In some embodiments, information determined about genes (e.g., which status of Gup, Gdown, Gsimilar, and Gnone the genes are assigned) is used to estimate the potential effects of the differential expression, if any, on the endogenous and/or intracellular levels of metabolites. To do so, connections can be determined between gene products and metabolites. One such source of data connecting gene products and metabolites is information about metabolic pathways. Information regarding human metabolic pathways is available, for example, from existing databases, in the form of pathway maps. The pathway maps can be available as graphical images and also as markup language files that facilitate the parsing of relevant biological data. The biochemical reactions, including for example, information about substrates, products, direction/reversibility, and associated enzyme-coding genes can be extracted from the metabolic pathway maps and organized in such a way as to assist in predicting how the effects of differential gene expression affects endogenous and/or intracellular metabolite levels.
In some embodiments, such as the one described herein, the markup language files can be retrieved from a database, and necessary information extracted from these files when it is needed to estimate the potential effects of the differential expression on the endogenous and/or intracellular levels of metabolites. In other embodiments, this retrieval and extraction of data can be done at an earlier time and the results of this retrieval and extraction can be used for more than one set of predictions. Put another way, the files can be downloaded and the data can be extracted one or more times (e.g., weekly, monthly, on an on-demand basis, or the like), stored, and retrieved for later use by the metabolomics-based system to identify potential therapeutic agents and/or targets. However obtained, this data can be combined with gene-expression data from diseased and control cells to construct a genetic-metabolic matrix (e.g., during operation 140), an example of which is depicted in
In some examples, particular metabolites are excluded from the genetic-metabolic matrix. Reasons to exclude a metabolite from the matrix can include, for example, that the metabolite is non-physiological, that the metabolite is ubiquitous, or that the metabolite participates in reactions that are mainly catalyzed by orphan human enzymes (well defined enzyme activities for which no sequence is known). Exemplary non-physiological metabolites (e.g., ecgonine and parathion) can include metabolites that only participate in reactions pertaining to the biosynthesis of secondary metabolites, the biodegradation and metabolism of xenobiotics, and the like. Ubiquitous metabolites (e.g., H2O, ATP, NAD(+)(P), O2, or the like) often carry out generic roles in many reactions and can be defined as those that are involved as substrate or product in twenty (20) or more reactions.
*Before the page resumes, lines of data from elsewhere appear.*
(* (Sharpness of Theorem 2.1 at real points.) Let $-1\le B<A\le 1$, let $\Phi$, $S$ be as below, and let $z_0\in(-1,1)$ be real. (a) If $(A,B)\in E_1\cup E_2$, or if $(A,B)\in E_3$ and $z_0\in S$, then there exists $f\in\mathcal{C}(A,B)$ with $|S_f(z_0)|=\Phi(z_0)$. Explicitly, one may take $f$ defined by $1+\frac{zf''(z)}{f'(z)}=\frac{1+A\phi(z)}{1+B\phi(z)}$ with $\phi(z)=\frac{pz(z-b)}{1-bz}$, where $(p,q)=(1,1)$ if $A+B\le 0$, $(p,q)=(-1,1)$ if $A+B>0,B\ge 0$, $(p,q)=(-1,-1)$ if $A+B>0,B<0$, and $b=\dfrac{z_0(2-2q|B|-|A+B|(1-z_0^2))}{2-2q|B|z_0^2-|A+B|(1-z_0^2)}\in(-1,1)$. (b) If $(A,B)\in E_3$, $z_0\notin S$, and either $B>0,\ z_0\le 0$ or $B<0,\ z_0\ge 0$, then the function $K_{A,B}$ satisfies $|S_{K_{A,B}}(z_0)|=\dfrac{|A^2-B^2|}{2(1-|B||z_0|)^2}$.
   Context: $\mathbb{D}$ is the unit disk; $\mathcal{C}(A,B)$ for $-1\le B<A\le1$ is the set of analytic $f$ on $\mathbb{D}$ with $f(0)=0,f'(0)=1$, $f'\ne0$, and $1+zf''/f'\prec(1+Az)/(1+Bz)$ (subordination: equals $(1+A\omega)/(1+B\omega)$ for some analytic $\omega:\mathbb{D}\to\mathbb{D}$, $\omega(0)=0$). $S_f=(f''/f')'-\frac12(f''/f')^2$. $E=\{(A,B):-1\le B<A\le1\}$; $E_1=\{(A,B)\in E:1-\sqrt{1-B^2}<|A+B|<1+\sqrt{1-B^2}\}$, $E_2=\{(A,B)\in E:|A+B|\le 1-\sqrt{1-B^2},\ |A+B|\le|B|\}$, $E_3=\{(A,B)\in E:|A+B|\ge 1+\sqrt{1-B^2},\ |A+B|>|B|\}$. $\Phi(z)=\frac{(A-B)(2-|A+B|(1-|z|^2))}{(1-|z|^2)(2-|A+B|(1-|z|^2)-2B^2|z|^2)}$. For $(A,B)\in E_3$, $\delta_{1,2}=\frac{|B|\mp\sqrt{B^2-|A+B|(2-|A+B|)}}{|A+B|}$ and $S=\{z:|z|<\delta_1\text{ or }|z|>\delta_2\}$. $K_{A,B}(z)=\frac1A\{(1+Bz)^{A/B}-1\}$ if $A\ne0,B\ne0$; $\frac1B\log(1+Bz)$ if $A=0$; $\frac1A(e^{Az}-1)$ if $B=0$; it lies in $\mathcal{C}(A,B)$ and $S_{K_{A,B}}(z)=-\frac{A^2-B^2}{2(1+Bz)^2}$. *)

theory Defs
  imports "HOL-Analysis.Analysis"
begin

definition schwarzian :: "(complex \<Rightarrow> complex) \<Rightarrow> complex \<Rightarrow> complex" where
  "schwarzian f z =
     deriv (\<lambda>w. deriv (deriv f) w / deriv f w) z
     - (1/2) * (deriv (deriv f) z / deriv f z)^2"

definition classC :: "real \<Rightarrow> real \<Rightarrow> (complex \<Rightarrow> complex) set" where
  "classC A B = {f. f holomorphic_on ball 0 1 \<and> f 0 = 0 \<and> deriv f 0 = 1 \<and>
      (\<forall>z\<in>ball 0 1. deriv f z \<noteq> 0) \<and>
      (\<exists>\<omega>. \<omega> holomorphic_on ball 0 1 \<and> \<omega> 0 = 0 \<and> (\<forall>z\<in>ball 0 1. \<omega> z \<in> ball 0 1) \<and>
         (\<forall>z\<in>ball 0 1. 1 + z * deriv (deriv f) z / deriv f z
                 = (1 + of_real A * \<omega> z) / (1 + of_real B * \<omega> z)))}"

definition Eset :: "(real \<times> real) set" where
  "Eset = {(A, B). -1 \<le> B \<and> B < A \<and> A \<le> 1}"

definition E1 :: "(real \<times> real) set" where
  "E1 = {(A, B). (A, B) \<in> Eset \<and> 1 - sqrt (1 - B^2) < \<bar>A + B\<bar> \<and> \<bar>A + B\<bar> < 1 + sqrt (1 - B^2)}"

definition E2 :: "(real \<times> real) set" where
  "E2 = {(A, B). (A, B) \<in> Eset \<and> \<bar>A + B\<bar> \<le> 1 - sqrt (1 - B^2) \<and> \<bar>A + B\<bar> \<le> \<bar>B\<bar>}"

definition E3 :: "(real \<times> real) set" where
  "E3 = {(A, B). (A, B) \<in> Eset \<and> \<bar>A + B\<bar> \<ge> 1 + sqrt (1 - B^2) \<and> \<bar>A + B\<bar> > \<bar>B\<bar>}"

definition Phi :: "real \<Rightarrow> real \<Rightarrow> complex \<Rightarrow> real" where
  "Phi A B z = (A - B) * (2 - \<bar>A + B\<bar> * (1 - (cmod z)^2)) /
      ((1 - (cmod z)^2) * (2 - \<bar>A + B\<bar> * (1 - (cmod z)^2) - 2 * B^2 * (cmod z)^2))"

definition delta1 :: "real \<Rightarrow> real \<Rightarrow> real" where
  "delta1 A B = (\<bar>B\<bar> - sqrt (B^2 - \<bar>A + B\<bar> * (2 - \<bar>A + B\<bar>))) / \<bar>A + B\<bar>"

definition delta2 :: "real \<Rightarrow> real \<Rightarrow> real" where
  "delta2 A B = (\<bar>B\<bar> + sqrt (B^2 - \<bar>A + B\<bar> * (2 - \<bar>A + B\<bar>))) / \<bar>A + B\<bar>"

definition Sset :: "real \<Rightarrow> real \<Rightarrow> complex set" where
  "Sset A B = {z. cmod z < delta1 A B \<or> cmod z > delta2 A B}"

definition KAB :: "real \<Rightarrow> real \<Rightarrow> complex \<Rightarrow> complex" where
  "KAB A B z =
     (if A \<noteq> 0 \<and> B \<noteq> 0 then (1 / of_real A) * ((1 + of_real B * z) powr (of_real (A / B)) - 1)
      else if A = 0 then (1 / of_real B) * Ln (1 + of_real B * z)
      else (1 / of_real A) * (exp (of_real A * z) - 1))"

definition par_p :: "real \<Rightarrow> real \<Rightarrow> real" where
  "par_p A B = (if A + B \<le> 0 then 1 else -1)"

definition par_q :: "real \<Rightarrow> real \<Rightarrow> real" where
  "par_q A B = (if A + B \<le> 0 then 1 else if B \<ge> 0 then 1 else -1)"

definition par_b :: "real \<Rightarrow> real \<Rightarrow> real \<Rightarrow> real" where
  "par_b A B z0 =
     z0 * (2 - 2 * par_q A B * \<bar>B\<bar> - \<bar>A + B\<bar> * (1 - z0^2)) /
       (2 - 2 * par_q A B * \<bar>B\<bar> * z0^2 - \<bar>A + B\<bar> * (1 - z0^2))"

definition ext_phi :: "real \<Rightarrow> real \<Rightarrow> real \<Rightarrow> complex \<Rightarrow> complex" where
  "ext_phi A B z0 z =
     of_real (par_p A B) * z * (z - of_real (par_b A B z0)) / (1 - of_real (par_b A B z0) * z)"

end

(*
  The extremal functions are built from their pre-Schwarzian f''/f'.  For a Schwarz function
  \<omega>(z) = z \<psi>(z), integrating f''/f' = (A - B) \<psi> / (1 + B \<omega>) twice on the disk gives a member
  of C(A,B) realising \<omega>, and S_f = (f''/f')' - (f''/f')^2/2.  For \<omega> = p z (z - b)/(1 - b z) the
  pre-Schwarzian is the rational function p (A - B)(z - b)/(1 - b z + p B z (z - b)), and the
  choice of b makes S_f(z0) = \<plusminus>\<Phi>(z0), a rational identity in z0.  The hypotheses on (A,B) and z0
  in part (a) all amount to 2|B||z0| < 2 - |A+B|(1 - z0^2), which is exactly what keeps the
  denominator of b positive and |b| < 1.  In part (b), K''/K' = (A - B)/(1 + B z), and the sign
  conditions give 1 + B z0 = 1 - |B||z0|.
*)

theory Submission
  imports Defs "HOL-Complex_Analysis.Complex_Analysis"
begin

lemma deriv_cong_open:
  assumes "open S" "z \<in> S" "\<And>w. w \<in> S \<Longrightarrow> f w = g w"
  shows "deriv f z = deriv g z"
  using eventually_nhds_in_open[OF assms(1,2)]
  by (intro deriv_cong_ev) (auto elim!: eventually_mono intro: assms(3))

lemma holomorphic_primitive_vanishing_at:
  fixes g :: "complex \<Rightarrow> complex"
  assumes "convex S" "open S" "g holomorphic_on S"
  obtains F where "F a = 0" "\<And>z. z \<in> S \<Longrightarrow> (F has_field_derivative g z) (at z)"
proof -
  obtain F0 where F0: "\<And>z. z \<in> S \<Longrightarrow> (F0 has_field_derivative g z) (at z within S)"
    using holomorphic_convex_primitive'[OF assms] by blast
  show ?thesis
  proof (rule that[of "\<lambda>z. F0 z - F0 a"])
    fix z assume "z \<in> S"
    with F0[OF this] show "((\<lambda>z. F0 z - F0 a) has_field_derivative g z) (at z)"
      by (auto intro!: derivative_eq_intros simp: at_within_open[OF _ \<open>open S\<close>])
  qed simp
qed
Referring to the third exclusion category previously mentioned (the metabolite participates in reactions that are mainly catalyzed by an orphan human enzyme), the number of reactions where a metabolite m acts as a substrate or product in human metabolic pathways can be defined as Nrm,human and the number of reactions where the metabolite m acts as a substrate or product in reference (e.g., non organism specific) metabolic pathways can be defined as Nrm,ref. If Nrm,human/Nrm,ref<0.5, then the metabolite m can belong to the third exclusion category (e.g., the metabolite participates in reactions that are mainly catalyzed by orphan human enzymes). The metabolites determined to be part of the third exclusionary category may be excluded because the reactions are due to orphan enzymes, the reactions only occur in other organisms, or the reactions occur in humans but have not yet been detected. For example, the metabolite 1-alkyl-sn-glycero-3-phosphate is excluded because out of four enzymes that use it as substrate or product, two, EC 2.3.1.105 and EC 1.1.1.101, are orphans in human, and one, EC 2.7.1.93, has only been found in rabbits. The metabolomics-based system can use the methods described herein (e.g., during operation 150) to generate a matrix such as the one depicted in
In some embodiments, the metabolomics-based system can utilize information indicative of relationships between metabolites and gene products together with gene-expression data to predict the relative levels of metabolites in diseased cells, relative to control cells. For example, based on information contained in a genetic-metabolic matrix annotated with differential gene-expression data, the system can predict which metabolites are expected to exist at higher levels in diseased cells, which metabolites are expected to exist at lower levels in diseased cells, and which metabolites are unknown as to their levels in diseased cells compared to control cells. Based on the rules applied, these predictions can also include a confidence level indicating the degree of confidence associated with the prediction. In this way, metabolites that are predicted to exist at different levels in diseased cells, relative to cells, can be prioritized based on the level of confidence associated with the prediction, such that future testing of the metabolites as therapeutic agents and/or targets can be prioritized based on the confidence level of the predictions.
Referring to
Referring to the embodiment depicted by
In another embodiment, depicted by
Referring now to
In some embodiments, the process 500 can perform operation 530 and combine the information indicative of the effects of gene products on metabolic levels, obtained during operation 510, with the information obtained during operation 520 that is indicative of genes that are expressed differently in diseased cells, relative to control cells. The result of this combining can, for example, be a genetic-metabolic matrix annotated with the differential expression status data, such as the matrix depicted in
Exemplary rules, employed by the metabolomics-based system (e.g., during operation 550), for predicting the cumulative effect of differential gene expression on the metabolite levels in a cell can be based on the supposition that lower levels of enzymes catalyzing the production of a metabolite and/or higher levels of enzymes catalyzing the consumption of a metabolite each have the effect of decreasing the level of metabolite found in the cell. Conversely, higher levels of enzymes catalyzing the production of a metabolite and/or lower levels of enzymes catalyzing the consumption of a metabolite each have the predicted effect of increasing the level of metabolite found in the cell. The same can be true for gene products other than enzymes, such as small molecule transporters. Increased levels of transporters that move metabolites out of the intracellular environment tend to decrease intracellular level of these metabolites, while increased levels of transporters that move metabolites into the intracellular environment tend to increase the intracellular levels. Decreasing the latter transporters would have the opposite effect.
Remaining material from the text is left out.